Top Selling Counterfeit Products / Fakes
A Sweeping Universal Problem
Selling counterfeit products has become common practice where people flock in person at flea markets, college campuses, salons, libraries, swap meets, and at "private homes parties" where the dealer shows you their products. Amongst the counterfeit products you may suspect would be handbags, clothes, watches, and colognes which have been amusingly renamed such as Essey Miyami instead of Issey Miyake. Scott Wolfson, a spokesman for the Consumer Product Safety Commission, said that it was rare for counterfeit products to be sold in well-known walk-in stores.
Vendors, of course, are still peddling counterfeit products on our city streets. When a reporter was sent to see what he could find in New York, he found himself in an old decrepit building with makeshift doors and walls where a bunch of women sat sewing clothes. In and around that area and on the nearby streets is where the reporter bought some of the fake merchandise that is pictured below.

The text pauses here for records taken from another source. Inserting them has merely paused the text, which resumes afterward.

(*
  Every element of AM n is the restriction s|A of an even permutation s of {1..n} that is
  monotone on A, and s|A is J-related to the partial identities on A and on s(A). Hence two
  elements of rank n-1 with missing points a and b are J-related iff some even permutation,
  monotone off a, sends a to b. An increasing such permutation is the shift cycle taking a to b,
  of sign (-1)^(a+b); a decreasing one is the reversal x |-> n+1-x composed with the shift cycle
  taking a to n+1-b, of sign (-1)^(n div 2 + a + b + n + 1). For n = 0, 3 (mod 4) one of the two
  is always even; for n = 1, 2 (mod 4) both are even exactly when a + b is.
*)

theory Submission
  imports Defs
begin

section \<open>Shift cycles and the reversal of {1..n}\<close>

text \<open>Sends i to j and moves each point between i (exclusive) and j (inclusive) one step
  towards i, so that it is increasing away from i.\<close>

definition shift_cycle :: "nat \<Rightarrow> nat \<Rightarrow> nat \<Rightarrow> nat" where
  "shift_cycle i j x = (if x = i then j else if i < j \<and> i < x \<and> x \<le> j then x - 1
     else if j < i \<and> j \<le> x \<and> x < i then x + 1 else x)"

lemma shift_cycle_same [simp]: "shift_cycle i j i = j"
  by (simp add: shift_cycle_def)

lemma shift_cycle_add_permutes_evenperm:
  "shift_cycle i (i + k) permutes {i..i + k} \<and> (evenperm (shift_cycle i (i + k)) \<longleftrightarrow> even k)"
proof (induction k)
  case 0
  have "shift_cycle i i = id" by (auto simp: shift_cycle_def)
  then show ?case by (simp add: permutes_id id_def)
next
  case (Suc k)
  let ?c = "shift_cycle i (i + k)" and ?t = "transpose (i + k) (i + k + 1)"
  have step: "shift_cycle i (i + Suc k) = ?t \<circ> ?c"
    by (auto simp: shift_cycle_def fun_eq_iff transpose_def)
  have c: "?c permutes {i..i + Suc k}"
    by (rule permutes_subset[OF conjunct1[OF Suc.IH]]) auto
  have t: "?t permutes {i..i + Suc k}"
    by (rule permutes_swap_id) auto
  have "evenperm (?t \<circ> ?c) \<longleftrightarrow> (evenperm ?t \<longleftrightarrow> evenperm ?c)"
    using c by (intro evenperm_comp permutation_swap_id permutes_imp_permutation) auto
  then have "evenperm (?t \<circ> ?c) \<longleftrightarrow> even (Suc k)"
    using Suc.IH by (simp add: evenperm_swap)
  then show ?case
    unfolding step using permutes_compose[OF c t] by blast
qed

lemma shift_cycle_inverse: "shift_cycle j i \<circ> shift_cycle i j = id"
  by (auto simp: shift_cycle_def fun_eq_iff)

lemma inv_shift_cycle: "inv (shift_cycle i j) = shift_cycle j i"
  by (intro inv_unique_comp shift_cycle_inverse)

lemma shift_cycle_permutes:
  assumes "i \<in> {1..n}" "j \<in> {1..n}"
  shows "shift_cycle i j permutes {1..n}"
proof -
  have upwards: "shift_cycle i j permutes {1..n}" if "i \<le> j" "i \<in> {1..n}" "j \<in> {1..n}" for i j
  proof -
    obtain k where "j = i + k" using le_Suc_ex \<open>i \<le> j\<close> by blast
    then show ?thesis
      using permutes_subset[OF shift_cycle_add_permutes_evenperm[of i k, THEN conjunct1]] that by simp
  qed
  show ?thesis
  proof (cases "i \<le> j")
    case True
    with upwards assms show ?thesis by blast
  next
    case False
    then have "inv (shift_cycle j i) permutes {1..n}"
      using upwards assms by (intro permutes_inv) simp
    then show ?thesis by (simp add: inv_shift_cycle)
  qed
qed

lemma evenperm_shift_cycle: "evenperm (shift_cycle i j) \<longleftrightarrow> even (i + j)"
proof (cases "i \<le> j")
  case True
  then obtain k where "j = i + k" using le_Suc_ex by blast
  with shift_cycle_add_permutes_evenperm[of i k] show ?thesis by presburger
next
  case False
  then obtain k where k: "i = j + k" using le_Suc_ex[of j i] by auto
  have "permutation (shift_cycle j i)"
    using k permutes_imp_permutation[OF _ shift_cycle_add_permutes_evenperm[of j k, THEN conjunct1]] by simp
  then have "evenperm (shift_cycle i j) \<longleftrightarrow> evenperm (shift_cycle j i)"
    by (metis evenperm_inv inv_shift_cycle)
  with shift_cycle_add_permutes_evenperm[of j k] k show ?thesis by presburger
qed

lemma strict_mono_on_shift_cycle: "strict_mono_on (A - {i}) (shift_cycle i j)"
proof (rule strict_mono_onI)
  fix x y assume "x \<in> A - {i}" "y \<in> A - {i}" "x < y"
  then show "shift_cycle i j x < shift_cycle i j y"
    by (auto simp: shift_cycle_def)
qed

definition reversal :: "nat \<Rightarrow> nat \<Rightarrow> nat" where
  "reversal n x = (if x \<in> {1..n} then Suc n - x else x)"

lemma reversal_reversal [simp]: "reversal n (reversal n x) = x"
  by (auto simp: reversal_def)

lemma strict_antimono_on_reversal: "strict_antimono_on {1..n} (reversal n)"
proof (rule monotone_onI)
  fix x y assume "x \<in> {1..n}" "y \<in> {1..n}" "x < y"
  then show "reversal n y < reversal n x"
    by (simp add: reversal_def)
qed

lemma reversal_permutes_evenperm:
  "reversal n permutes {1..n} \<and> (evenperm (reversal n) \<longleftrightarrow> even (n div 2))"
proof (induction n)
  case 0
  have "reversal 0 = id" by (auto simp: reversal_def)
  then show ?case by (simp add: permutes_id id_def)
next
  case (Suc n)
  let ?c = "shift_cycle (Suc n) 1"
  have step: "reversal (Suc n) = ?c \<circ> reversal n"
    by (auto simp: shift_cycle_def reversal_def fun_eq_iff)
  have r: "reversal n permutes {1..Suc n}"
    by (rule permutes_subset[OF conjunct1[OF Suc.IH]]) auto
  have c: "?c permutes {1..Suc n}"
    by (rule shift_cycle_permutes) auto
  have "evenperm (?c \<circ> reversal n) \<longleftrightarrow> (evenperm ?c \<longleftrightarrow> evenperm (reversal n))"
    using r c by (intro evenperm_comp permutes_imp_permutation) auto
  also have "\<dots> \<longleftrightarrow> even (Suc n div 2)"
    using Suc.IH by (simp add: evenperm_shift_cycle) presburger
  finally show ?case
    unfolding step using permutes_compose[OF r c] by blast
qed

lemmas reversal_permutes = reversal_permutes_evenperm[THEN conjunct1]
lemmas evenperm_reversal = reversal_permutes_evenperm[THEN conjunct2]

section \<open>Monotonic maps\<close>

definition monotonic_on :: "'a::ord set \<Rightarrow> ('a \<Rightarrow> 'b::ord) \<Rightarrow> bool" where
  "monotonic_on A f \<longleftrightarrow> mono_on A f \<or> antimono_on A f"

lemma monotonic_on_subset: "monotonic_on A f \<Longrightarrow> B \<subseteq> A \<Longrightarrow> monotonic_on B f"
  unfolding monotonic_on_def by (meson monotone_on_subset)

lemma monotonic_on_comp:
  fixes f :: "'a::order \<Rightarrow> 'b::order" and g :: "'b \<Rightarrow> 'c::order"
  assumes f: "monotonic_on A f" and g: "monotonic_on (f ` A) g"
  shows "monotonic_on A (g \<circ> f)"
proof -
  have g_mono: "g (f x) \<le> g (f y)"
    if "mono_on (f ` A) g" "x \<in> A" "y \<in> A" "f x \<le> f y" for x y
    using monotone_onD[OF that(1) imageI[OF that(2)] imageI[OF that(3)] that(4)] .
  have g_anti: "g (f y) \<le> g (f x)"
    if "antimono_on (f ` A) g" "x \<in> A" "y \<in> A" "f x \<le> f y" for x y
    using monotone_onD[OF that(1) imageI[OF that(2)] imageI[OF that(3)] that(4)] .
  from f g show ?thesis
    unfolding monotonic_on_def
  proof (elim disjE)
    assume "mono_on A f" "mono_on (f ` A) g"
    then have "mono_on A (g \<circ> f)"
      by (intro monotone_onI) (auto intro: g_mono dest: monotone_onD)
    then show "mono_on A (g \<circ> f) \<or> antimono_on A (g \<circ> f)" ..
  next
    assume "mono_on A f" "antimono_on (f ` A) g"
    then have "antimono_on A (g \<circ> f)"
      by (intro monotone_onI) (auto intro: g_anti dest: monotone_onD)
    then show "mono_on A (g \<circ> f) \<or> antimono_on A (g \<circ> f)" ..
  next
    assume "antimono_on A f" "mono_on (f ` A) g"
    then have "antimono_on A (g \<circ> f)"
      by (intro monotone_onI) (auto intro: g_mono dest: monotone_onD)
    then show "mono_on A (g \<circ> f) \<or> antimono_on A (g \<circ> f)" ..
  next
    assume "antimono_on A f" "antimono_on (f ` A) g"
    then have "mono_on A (g \<circ> f)"
      by (intro monotone_onI) (auto intro: g_anti dest: monotone_onD)
    then show "mono_on A (g \<circ> f) \<or> antimono_on A (g \<circ> f)" ..
  qed
qed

Selling Counterfeit Products is Booming
The internet has allowed counterfeiters to find partners who can make, market and distribute counterfeit products to an ever broad audience. In January of 2008 the Department of Homeland Security said that 81 percent of all conterfeits in the U.S. came from mainland China.
It is very easy to fool people. Ninety-nine-point-nine percent do not know the difference between the original and a counterfeit product. The fake products in the long run do not wear as well and lack the technology that contributes to comfort. But if the maker is to blame, so is the buyer. One in five Americans knowingly bought a counterfeit product last year mostly because the fake products were easy to find and the price of the original product was seen as unaffordable.
In some instances, the counterfeit products are easily spotted. The printing may be blurred, the embroidery is of low quality and the labels are often missing. But to the casual consumer who has been misled by the marked down prices, the fake products look just fine.
According to consumer reports, China has been pressed by other countries to crack down on counterfeiting. China has a long way to go to deter its counterfeiters judging by the penalties it imposes. For instance local law-enforcement agencies can seize counterfeit products and levy fines. But the fines are so modest that a counterfeiter would not think to raise an eyebrow.
The real Gucci tote is leather trimmed with a nice fit and finish. Quality assurance numbers and ID tags are legible. It came in a cloth sack inside an ornate box. The fake’s “leather” looks to be plastic glued and flimsily sewn onto hardware. The stitching is imperfect, there are loose threads, and you can’t make out “Italy” on the label. It has decorative piping that resembles a shoelace and it came without packaging.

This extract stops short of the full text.